EXERCISE OBJECTIVE: Go through the entries below and work out how many lines include "parents"; give only that number.

STORED DATA:
************

(* Let $N$ be a binary tree-based network, and let $O$ and $R$ be the sets of omnians and reticulations of $N$. Then $$|Sup(N)|=2^c\cdot\prod_{P\in\pi(\mathcal{B}_N)}\tfrac12\bigl(v(P)+3\bigr),$$ where $c$ is the number of connected components of $\mathcal{B}_N$ that are cycles, $\pi(\mathcal{B}_N)$ is the set of connected components of $\mathcal{B}_N$ that are paths both of whose end vertices lie in $R$, and $v(P)$ is the number of vertices of $P$.
   Context: A phylogenetic network on a nonempty finite set $X$ is a rooted acyclic digraph with no parallel arcs such that: the unique root has out-degree at least one; $X$ is exactly the set of vertices of out-degree zero (leaves), each of in-degree one; every other vertex either has in-degree one and out-degree at least two (a tree vertex) or in-degree at least two and out-degree one (a reticulation). It is binary if every tree vertex has out-degree two and every reticulation has in-degree two. An omnian is a non-leaf vertex all of whose children are reticulations (an omnian may be a reticulation). $N$ is tree-based if it has a spanning tree rooted at the root of $N$ all of whose leaves lie in $X$; a support tree for $N$ is such a spanning tree, i.e., a subgraph of $N$ containing all vertices of $N$ that is a directed tree rooted at the root of $N$ whose leaf set is exactly $X$. $Sup(N)$ denotes the set of support trees for $N$ (distinguished by their arc sets). $\mathcal{B}_N$ is the bipartite graph with vertex bipartition $\{O,R\}$ (as disjoint copies) and an edge $\{o,r\}$ for each arc $(o,r)$ of $N$ with $o\in O$, $r\in R$. *)

theory Defs
  imports Complex_Main
begin

text \<open>A directed graph is given by a finite vertex set V and an arc set A (a set of
  ordered pairs, so no parallel arcs). N = (V, A, rho, X).\<close>

definition indeg :: "('a \<times> 'a) set \<Rightarrow> 'a \<Rightarrow> nat" where
  "indeg A v = card {u. (u, v) \<in> A}"

definition outdeg :: "('a \<times> 'a) set \<Rightarrow> 'a \<Rightarrow> nat" where
  "outdeg A v = card {w. (v, w) \<in> A}"

definition phylo_network :: "'a set \<Rightarrow> ('a \<times> 'a) set \<Rightarrow> 'a \<Rightarrow> 'a set \<Rightarrow> bool" where
  "phylo_network V A rho X \<longleftrightarrow>
     finite V \<and> A \<subseteq> V \<times> V \<and> acyclic A \<and> X \<noteq> {} \<and>
     rho \<in> V \<and> indeg A rho = 0 \<and> (\<forall>v\<in>V. v \<noteq> rho \<longrightarrow> (rho, v) \<in> A\<^sup>+) \<and>
     outdeg A rho \<ge> 1 \<and>
     X = {v \<in> V. outdeg A v = 0} \<and>
     (\<forall>x\<in>X. indeg A x = 1) \<and>
     (\<forall>v \<in> V - X - {rho}. (indeg A v = 1 \<and> outdeg A v \<ge> 2) \<or> (indeg A v \<ge> 2 \<and> outdeg A v = 1))"

definition tree_vertices :: "'a set \<Rightarrow> ('a \<times> 'a) set \<Rightarrow> 'a \<Rightarrow> 'a set \<Rightarrow> 'a set" where
  "tree_vertices V A rho X = {v \<in> V - X - {rho}. indeg A v = 1 \<and> outdeg A v \<ge> 2}"

definition reticulations :: "'a set \<Rightarrow> ('a \<times> 'a) set \<Rightarrow> 'a \<Rightarrow> 'a set \<Rightarrow> 'a set" where
  "reticulations V A rho X = {v \<in> V - X - {rho}. indeg A v \<ge> 2 \<and> outdeg A v = 1}"

definition binary_network :: "'a set \<Rightarrow> ('a \<times> 'a) set \<Rightarrow> 'a \<Rightarrow> 'a set \<Rightarrow> bool" where
  "binary_network V A rho X \<longleftrightarrow> phylo_network V A rho X \<and>
     (\<forall>v \<in> tree_vertices V A rho X. outdeg A v = 2) \<and>
     (\<forall>v \<in> reticulations V A rho X. indeg A v = 2)"

definition omnians :: "'a set \<Rightarrow> ('a \<times> 'a) set \<Rightarrow> 'a \<Rightarrow> 'a set \<Rightarrow> 'a set" where
  "omnians V A rho X = {v \<in> V - X. \<forall>w. (v, w) \<in> A \<longrightarrow> w \<in> reticulations V A rho X}"

definition support_tree :: "'a set \<Rightarrow> ('a \<times> 'a) set \<Rightarrow> 'a \<Rightarrow> 'a set \<Rightarrow> ('a \<times> 'a) set \<Rightarrow> bool" where
  "support_tree V A rho X T \<longleftrightarrow> T \<subseteq> A \<and>
     indeg T rho = 0 \<and>
     (\<forall>v\<in>V. v \<noteq> rho \<longrightarrow> indeg T v = 1 \<and> (rho, v) \<in> T\<^sup>+) \<and>
     {v \<in> V. outdeg T v = 0} = X"

definition Sup :: "'a set \<Rightarrow> ('a \<times> 'a) set \<Rightarrow> 'a \<Rightarrow> 'a set \<Rightarrow> ('a \<times> 'a) set set" where
  "Sup V A rho X = {T. support_tree V A rho X T}"

definition tree_based :: "'a set \<Rightarrow> ('a \<times> 'a) set \<Rightarrow> 'a \<Rightarrow> 'a set \<Rightarrow> bool" where
  "tree_based V A rho X \<longleftrightarrow> phylo_network V A rho X \<and> Sup V A rho X \<noteq> {}"

text \<open>The bipartite graph B_N: vertices Inl o (o an omnian) and Inr r (r a reticulation),
  undirected edges {Inl o, Inr r} for arcs (o, r) of N.\<close>
definition BN_vertices :: "'a set \<Rightarrow> ('a \<times> 'a) set \<Rightarrow> 'a \<Rightarrow> 'a set \<Rightarrow> ('a + 'a) set" where
  "BN_vertices V A rho X = Inl ` omnians V A rho X \<union> Inr ` reticulations V A rho X"

definition BN_edges :: "'a set \<Rightarrow> ('a \<times> 'a) set \<Rightarrow> 'a \<Rightarrow> 'a set \<Rightarrow> ('a + 'a) set set" where
  "BN_edges V A rho X = {{Inl o', Inr r} | o' r. (o', r) \<in> A \<and>
      o' \<in> omnians V A rho X \<and> r \<in> reticulations V A rho X}"

definition BN_adj :: "'a set \<Rightarrow> ('a \<times> 'a) set \<Rightarrow> 'a \<Rightarrow> 'a set \<Rightarrow> ('a + 'a) rel" where
  "BN_adj V A rho X = {(x, y). {x, y} \<in> BN_edges V A rho X}"

definition BN_components :: "'a set \<Rightarrow> ('a \<times> 'a) set \<Rightarrow> 'a \<Rightarrow> 'a set \<Rightarrow> ('a + 'a) set set" where
  "BN_components V A rho X = BN_vertices V A rho X //
     ((BN_adj V A rho X)\<^sup>* \<inter> (BN_vertices V A rho X \<times> BN_vertices V A rho X))"

text \<open>The component with vertex set C (the subgraph induced on C) is a path with vertex
  sequence ps (possibly a single vertex), resp. a cycle with cyclic vertex sequence ps.\<close>
definition is_path_seq :: "'b set set \<Rightarrow> 'b set \<Rightarrow> 'b list \<Rightarrow> bool" where
  "is_path_seq E C ps \<longleftrightarrow> ps \<noteq> [] \<and> distinct ps \<and> set ps = C \<and>
     (\<forall>x\<in>C. \<forall>y\<in>C. {x, y} \<in> E \<longleftrightarrow>
        (\<exists>i. Suc i < length ps \<and> {x, y} = {ps ! i, ps ! Suc i}))"

definition is_cycle_seq :: "'b set set \<Rightarrow> 'b set \<Rightarrow> 'b list \<Rightarrow> bool" where
  "is_cycle_seq E C ps \<longleftrightarrow> length ps \<ge> 3 \<and> distinct ps \<and> set ps = C \<and>
     (\<forall>x\<in>C. \<forall>y\<in>C. {x, y} \<in> E \<longleftrightarrow>
        (\<exists>i < length ps. {x, y} = {ps ! i, ps ! ((Suc i) mod length ps)}))"

definition BN_cycle_components :: "'a set \<Rightarrow> ('a \<times> 'a) set \<Rightarrow> 'a \<Rightarrow> 'a set \<Rightarrow> ('a + 'a) set set" where
  "BN_cycle_components V A rho X = {C \<in> BN_components V A rho X.
      \<exists>ps. is_cycle_seq (BN_edges V A rho X) C ps}"

definition BN_RR_paths :: "'a set \<Rightarrow> ('a \<times> 'a) set \<Rightarrow> 'a \<Rightarrow> 'a set \<Rightarrow> ('a + 'a) set set" where
  "BN_RR_paths V A rho X = {C \<in> BN_components V A rho X.
      \<exists>ps. is_path_seq (BN_edges V A rho X) C ps \<and>
           hd ps \<in> Inr ` reticulations V A rho X \<and> last ps \<in> Inr ` reticulations V A rho X}"

end

theory Submission
  imports Defs "HOL-Library.FuncSet"
begin

text \<open>A support tree must keep every arc of \<open>N\<close> except that each reticulation keeps exactly
  one incoming arc, and the result is a support tree precisely when every omnian keeps an
  outgoing arc. So support trees correspond to choices of one parent for each reticulation
  such that every omnian is chosen by one of its children. These constraints only relate a
  reticulation to its omnian parents, i.e. they live on the edges of \<open>B_N\<close>, so the count is
  a product over the components of \<open>B_N\<close>. Omnians have at most two children and reticulations
  exactly two parents, hence every component is a path or a cycle. Along a path
  \<open>r\<^sub>0 o\<^sub>0 r\<^sub>1 \<dots> o\<^sub>m\<^sub>-\<^sub>1 r\<^sub>m\<close> the admissible choices are the \<open>m + 2\<close> thresholds
  (\<open>r\<^sub>j\<close> picks \<open>o\<^sub>j\<close> below the threshold and its other parent from there on), on a cycle they
  are the two orientations, and a path with an omnian at one end admits at most one choice,
  so exactly one because \<open>N\<close> is tree-based.\<close>

section \<open>Connected graphs of maximum degree two\<close>

definition path_in :: "'b set set \<Rightarrow> 'b set \<Rightarrow> 'b list \<Rightarrow> bool" where
  "path_in E C ps \<longleftrightarrow> ps \<noteq> [] \<and> distinct ps \<and> set ps \<subseteq> C \<and>
     (\<forall>i. Suc i < length ps \<longrightarrow> {ps ! i, ps ! Suc i} \<in> E)"

lemma exists_longest_path_in:
  assumes "finite C" and "x \<in> C"
  obtains ps where "path_in E C ps" and "\<And>qs. path_in E C qs \<Longrightarrow> length qs \<le> length ps"
proof -
  have "path_in E C [x]" using assms(2) by (simp add: path_in_def)
  moreover have "\<forall>qs. path_in E C qs \<longrightarrow> length qs < Suc (card C)"
  proof (intro allI impI)
    fix qs assume "path_in E C qs"
    then have "card (set qs) \<le> card C" "distinct qs"
      using card_mono[OF assms(1)] by (auto simp: path_in_def)
    then show "length qs < Suc (card C)" by (simp add: distinct_card)
  qed
  ultimately obtain ps where "path_in E C ps" "\<forall>qs. path_in E C qs \<longrightarrow> length qs \<le> length ps"
    using Lattices_Big.ex_has_greatest_nat[where P = "path_in E C" and f = length] by blast
  then show ?thesis using that by blast
qed

lemma longest_path_in_end_neighbours:
  assumes closed: "\<And>x y. x \<in> C \<Longrightarrow> {x, y} \<in> E \<Longrightarrow> y \<in> C"
    and ps: "path_in E C ps" and longest: "\<And>qs. path_in E C qs \<Longrightarrow> length qs \<le> length ps"
  shows "{hd ps, z} \<in> E \<Longrightarrow> z \<in> set ps" and "{last ps, z} \<in> E \<Longrightarrow> z \<in> set ps"
proof -
  have ne: "ps \<noteq> []" and dist: "distinct ps" and sub: "set ps \<subseteq> C"
    and adj: "\<And>i. Suc i < length ps \<Longrightarrow> {ps ! i, ps ! Suc i} \<in> E"
    using ps by (auto simp: path_in_def)
  show "z \<in> set ps" if e: "{hd ps, z} \<in> E"
  proof (rule ccontr)
    assume z: "z \<notin> set ps"
    have "z \<in> C" using closed[OF _ e] sub hd_in_set[OF ne] by auto
    have "path_in E C (z # ps)" unfolding path_in_def
    proof (intro conjI allI impI)
      fix i assume "Suc i < length (z # ps)"
      then show "{(z # ps) ! i, (z # ps) ! Suc i} \<in> E"
        using e adj ne by (cases i) (auto simp: hd_conv_nth insert_commute)
    qed (use z dist sub \<open>z \<in> C\<close> in auto)
    from longest[OF this] show False by simp
  qed
  show "z \<in> set ps" if e: "{last ps, z} \<in> E"
  proof (rule ccontr)
    assume z: "z \<notin> set ps"
    have "z \<in> C" using closed[OF _ e] sub last_in_set[OF ne] by auto
    have "path_in E C (ps @ [z])" unfolding path_in_def
    proof (intro conjI allI impI)
      fix i assume i: "Suc i < length (ps @ [z])"
      show "{(ps @ [z]) ! i, (ps @ [z]) ! Suc i} \<in> E"
      proof (cases "Suc i < length ps")
        case False
        then have "i = length ps - 1" using i by simp
        then show ?thesis using e ne by (simp add: nth_append last_conv_nth)
      qed (simp add: nth_append adj)
    qed (use z dist sub \<open>z \<in> C\<close> in auto)
    from longest[OF this] show False by simp
  qed
qed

************

RESPONSE FOR THIS EXERCISE: 2